Can Informed Consent Be Represented?

Informed consent is generally given to patients who are legally mature (age 18 years or older), can understand the doctor's explanation well, are fully aware, and have a he althy mental condition.

If deemed unable to decide on informed consent, the patient can be represented. The following are some conditions when informed consent can be represented:

Patients underage

For young patients, such as infants and children, or adolescents under the age of 18, informed consent can be represented by parents or guardians.

Invalid condition

For patients with conditions of loss of consciousness, such as fainting or coma, so that it is not possible to give an explanation or ask for their opinion, the informed consent agreement can be represented by the family or guardian.

This also applies to patients with thinking disorders, such as Alzheimer's disease or mental disorders.
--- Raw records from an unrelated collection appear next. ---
lemma mult_powr_smooth_inverse:
  fixes h :: "real \<Rightarrow> real" and q c :: real
  defines "L \<equiv> \<lambda>u. u * h u powr (1 / q)"
  assumes h: "\<And>n. n_times_differentiable n h" and "0 < q"
    and "0 < c" and h_ge: "\<And>u. c \<le> h u"
    and L_mono: "\<And>u. 0 < q * h u + u * deriv h u"
  shows "n_times_differentiable n (inv L)" and "L (inv L X) = X"
proof -
  have h_pos: "0 < h u" for u
    using \<open>0 < c\<close> h_ge[of u] by linarith
  have L_der: "(L has_real_derivative h u powr (1 / q - 1) * (q * h u + u * deriv h u) / q) (at u)"
    for u
  proof -
    have "(L has_real_derivative
        1 * h u powr (1 / q) + (1 / q * h u powr (1 / q - of_nat 1) * deriv h u) * u) (at u)"
      unfolding L_def using h[of "Suc 0"] h_pos
      by (intro DERIV_mult DERIV_ident DERIV_fun_powr n_times_differentiable_SucD)
    moreover have "h u powr (1 / q) = h u powr (1 / q - 1) * h u"
      using h_pos[of u] by (simp add: powr_diff)
    ultimately show ?thesis
      using \<open>0 < q\<close> by (simp add: field_simps)
  qed
  have "0 < deriv L u" for u
    using DERIV_imp_deriv[OF L_der] L_mono[of u] h_pos[of u] \<open>0 < q\<close> by simp
  moreover have "n_times_differentiable n L" for n
    unfolding L_def using h h_pos
    by (intro n_times_differentiable_mult n_times_differentiable_ident n_times_differentiable_powr)
  moreover have "surj L"
  proof (rule surj_if_continuous_linear_bounds)
    show "continuous_on UNIV L"
      using DERIV_isCont[OF L_der] by (simp add: continuous_on_eq_continuous_at)
    show "0 < c powr (1 / q)"
      using \<open>0 < c\<close> by simp
    have root_ge: "c powr (1 / q) \<le> h u powr (1 / q)" for u
      using \<open>0 < c\<close> \<open>0 < q\<close> h_ge[of u] by (intro powr_mono2) simp_all
    show "c powr (1 / q) * u \<le> L u" if "0 \<le> u" for u
      unfolding L_def using mult_right_mono[OF root_ge that] by (simp add: mult.commute)
    show "L u \<le> c powr (1 / q) * u" if "u \<le> 0" for u
      unfolding L_def using mult_right_mono_neg[OF root_ge that] by (simp add: mult.commute)
  qed
  ultimately show "n_times_differentiable n (inv L)" and "L (inv L X) = X"
    by (simp_all add: n_times_differentiable_inv surj_f_inv_f)
qed

lemma smooth_critical_point_branch:
  fixes G :: "real \<Rightarrow> real" and k :: nat and a b :: real
  assumes G: "smooth_real G" and "2 \<le> k" and "0 < a"
    and E_ge: "\<And>u. a \<le> euler_operator k G u" and E_le: "\<And>u. euler_operator k G u \<le> b"
    and E_mono: "\<And>u. 0 < (real k - 1) * euler_operator k G u + u * deriv (euler_operator k G) u"
  shows "\<exists>\<alpha>. smooth_real \<alpha> \<and> (\<forall>X. deriv (\<lambda>s. G (X * s) * s ^ k - s) (\<alpha> X) = 0 \<and>
           b powr (- 1 / (real k - 1)) \<le> \<alpha> X \<and> \<alpha> X \<le> a powr (- 1 / (real k - 1)))"
proof -
  define q where "q = real k - 1"
  define E where "E = euler_operator k G"
  define L where "L = (\<lambda>u. u * E u powr (1 / q))"
  define \<alpha> where "\<alpha> = (\<lambda>X. E (inv L X) powr (- 1 / q))"
  have "0 < q"
    using \<open>2 \<le> k\<close> by (simp add: q_def)
  have G_n: "n_times_differentiable n G" for n
    using G by (simp add: smooth_real_iff_n_times_differentiable)
  have E_n: "n_times_differentiable n E" for n
    unfolding E_def using G_n by (rule n_times_differentiable_euler_operator)
  have E_pos: "0 < E u" for u
    using \<open>0 < a\<close> E_ge[of u] by (simp add: E_def)
  have inv_L: "n_times_differentiable n (inv L)" "L (inv L X) = X" for n X
    using mult_powr_smooth_inverse[OF E_n \<open>0 < q\<close> \<open>0 < a\<close>] E_ge E_mono
    by (simp_all add: E_def L_def q_def)
  have "n_times_differentiable n (\<lambda>X. E (inv L X))" for n
    using E_n inv_L(1) by (rule n_times_differentiable_compose)
  then have "n_times_differentiable n \<alpha>" for n
    unfolding \<alpha>_def using E_pos by (rule n_times_differentiable_powr)
  then have "smooth_real \<alpha>"
    by (simp add: smooth_real_iff_n_times_differentiable)
  moreover have "deriv (\<lambda>s. G (X * s) * s ^ k - s) (\<alpha> X) = 0" for X
  proof -
    define u where "u = inv L X"
    have "X * \<alpha> X = u * (E u powr (1 / q) * E u powr (- 1 / q))"
      using inv_L(2)[of X] by (simp add: \<alpha>_def L_def u_def)
    also have "\<dots> = u"
      using E_pos[of u] by (simp add: powr_add[symmetric])
    finally have "X * \<alpha> X = u" .
    have "0 < \<alpha> X"
      using E_pos[of "inv L X"] by (simp add: \<alpha>_def)
    moreover have "real (k - 1) = q"
      using \<open>2 \<le> k\<close> by (simp add: q_def of_nat_diff)
    ultimately have "\<alpha> X ^ (k - 1) = \<alpha> X powr q"
      by (metis powr_realpow)
    also have "\<dots> = E u powr - 1"
      using \<open>0 < q\<close> by (simp add: \<alpha>_def u_def powr_powr)
    also have "\<dots> = inverse (E u)"
      using E_pos[of u] by (simp add: powr_neg_one divide_inverse)
    finally have "\<alpha> X ^ (k - 1) * E u = 1"
      using E_pos[of u] by simp
    moreover have "(G has_real_derivative deriv G x) (at x)" for x
      using G_n[of "Suc 0"] by (rule n_times_differentiable_SucD)
    ultimately show ?thesis
      using deriv_scaled_power_minus_ident[of G k X] \<open>2 \<le> k\<close> \<open>X * \<alpha> X = u\<close>
      by (simp add: E_def)
  qed
  moreover have "b powr (- 1 / q) \<le> \<alpha> X \<and> \<alpha> X \<le> a powr (- 1 / q)" for X
  proof -
    have "- 1 / q \<le> 0"
      using \<open>0 < q\<close> by simp
    moreover have "a \<le> E (inv L X)" and "E (inv L X) \<le> b"
      using E_ge E_le by (simp_all add: E_def)
    ultimately show ?thesis
      unfolding \<alpha>_def using E_pos \<open>0 < a\<close> by (simp add: powr_mono2')
  qed
  ultimately show ?thesis
    unfolding q_def by blast
qed

lemma euler_operator_divide_const:
  assumes "\<And>x. F field_differentiable at x"
  shows "euler_operator k (\<lambda>x. F x / c) u = euler_operator k F u / c"
  using assms by (simp add: euler_operator_def deriv_cdivide_right add_divide_distrib)

lemma euler_operator_bounds:
  fixes F :: "real \<Rightarrow> real" and c :: real
  assumes "2 \<le> k"
    and F'_bounds: "\<And>x. 0 \<le> - x * deriv F x \<and> - x * deriv F x < c / 5"
    and F_bounds: "\<And>x. 9/10 * c \<le> F x \<and> F x \<le> c"
  shows "4/5 * real k * c < euler_operator k F u" and "euler_operator k F u \<le> real k * c"
proof -
  have "0 \<le> c"
    using F'_bounds[of 0] by simp
  have "real k * (9/10 * c) \<le> real k * F u" and "real k * F u \<le> real k * c"
    using F_bounds[of u] by (intro mult_left_mono; simp)+
  moreover have "2 * (1/10 * c) \<le> real k * (1/10 * c)"
    using \<open>2 \<le> k\<close> \<open>0 \<le> c\<close> by (intro mult_right_mono) simp_all
  ultimately show "4/5 * real k * c < euler_operator k F u" and "euler_operator k F u \<le> real k * c"
    unfolding euler_operator_def using F'_bounds[of u] by linarith+
qed

lemma euler_operator_weighted_derivative_pos:
  fixes F :: "real \<Rightarrow> real" and c :: real
  assumes "2 \<le> k" and F: "n_times_differentiable 2 F"
    and F'_bounds: "\<And>x. 0 \<le> - x * deriv F x \<and> - x * deriv F x < c / 5"
    and F''_bound: "\<And>x. \<bar>x\<^sup>2 * deriv (deriv F) x\<bar> < c / 5"
    and F_bounds: "\<And>x. 9/10 * c \<le> F x \<and> F x \<le> c"
  shows "0 < (real k - 1) * euler_operator k F u + u * deriv (euler_operator k F) u"
proof -
  have "0 < c"
    using F''_bound[of 0] by simp
  have "(real k - 1) * euler_operator k F u + u * deriv (euler_operator k F) u
      = 2 * real k * (u * deriv F u) + (real k - 1) * (real k * F u) + u\<^sup>2 * deriv (deriv F) u"
    using F by (simp add: deriv_euler_operator euler_operator_def algebra_simps power2_eq_square)
  moreover have "2 * real k * (u * deriv F u) > 2 * real k * (- c / 5)"
    using F'_bounds[of u] \<open>2 \<le> k\<close> by (intro mult_strict_left_mono) simp_all
  moreover have "(real k - 1) * (real k * F u) \<ge> (real k - 1) * (real k * (9/10 * c))"
    using F_bounds[of u] \<open>2 \<le> k\<close> by (intro mult_left_mono) simp_all
  moreover have "1 * (real k * (9/10 * c)) \<le> (real k - 1) * (real k * (9/10 * c))"
    using \<open>2 \<le> k\<close> \<open>0 < c\<close> by (intro mult_right_mono) simp_all
  moreover have "u\<^sup>2 * deriv (deriv F) u > - c / 5"
    using F''_bound[of u] by linarith
  moreover have "real k * c / 2 > c / 5"
    using \<open>2 \<le> k\<close> \<open>0 < c\<close> by simp
  ultimately show ?thesis
    by (simp add: field_simps)
qed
When consulting a doctor, remember to ask for as complete an explanation as possible regarding the diagnosis of the disease, advice on treatment or medical action, as well as the risks and benefits of the treatment steps to be taken.

Before deciding to undergo treatment, understand all the risks and benefits of the action to be taken, as well as the consequences if you do not undergo the action. If you understand the doctor's explanation, you can agree or reject the action through informed consent.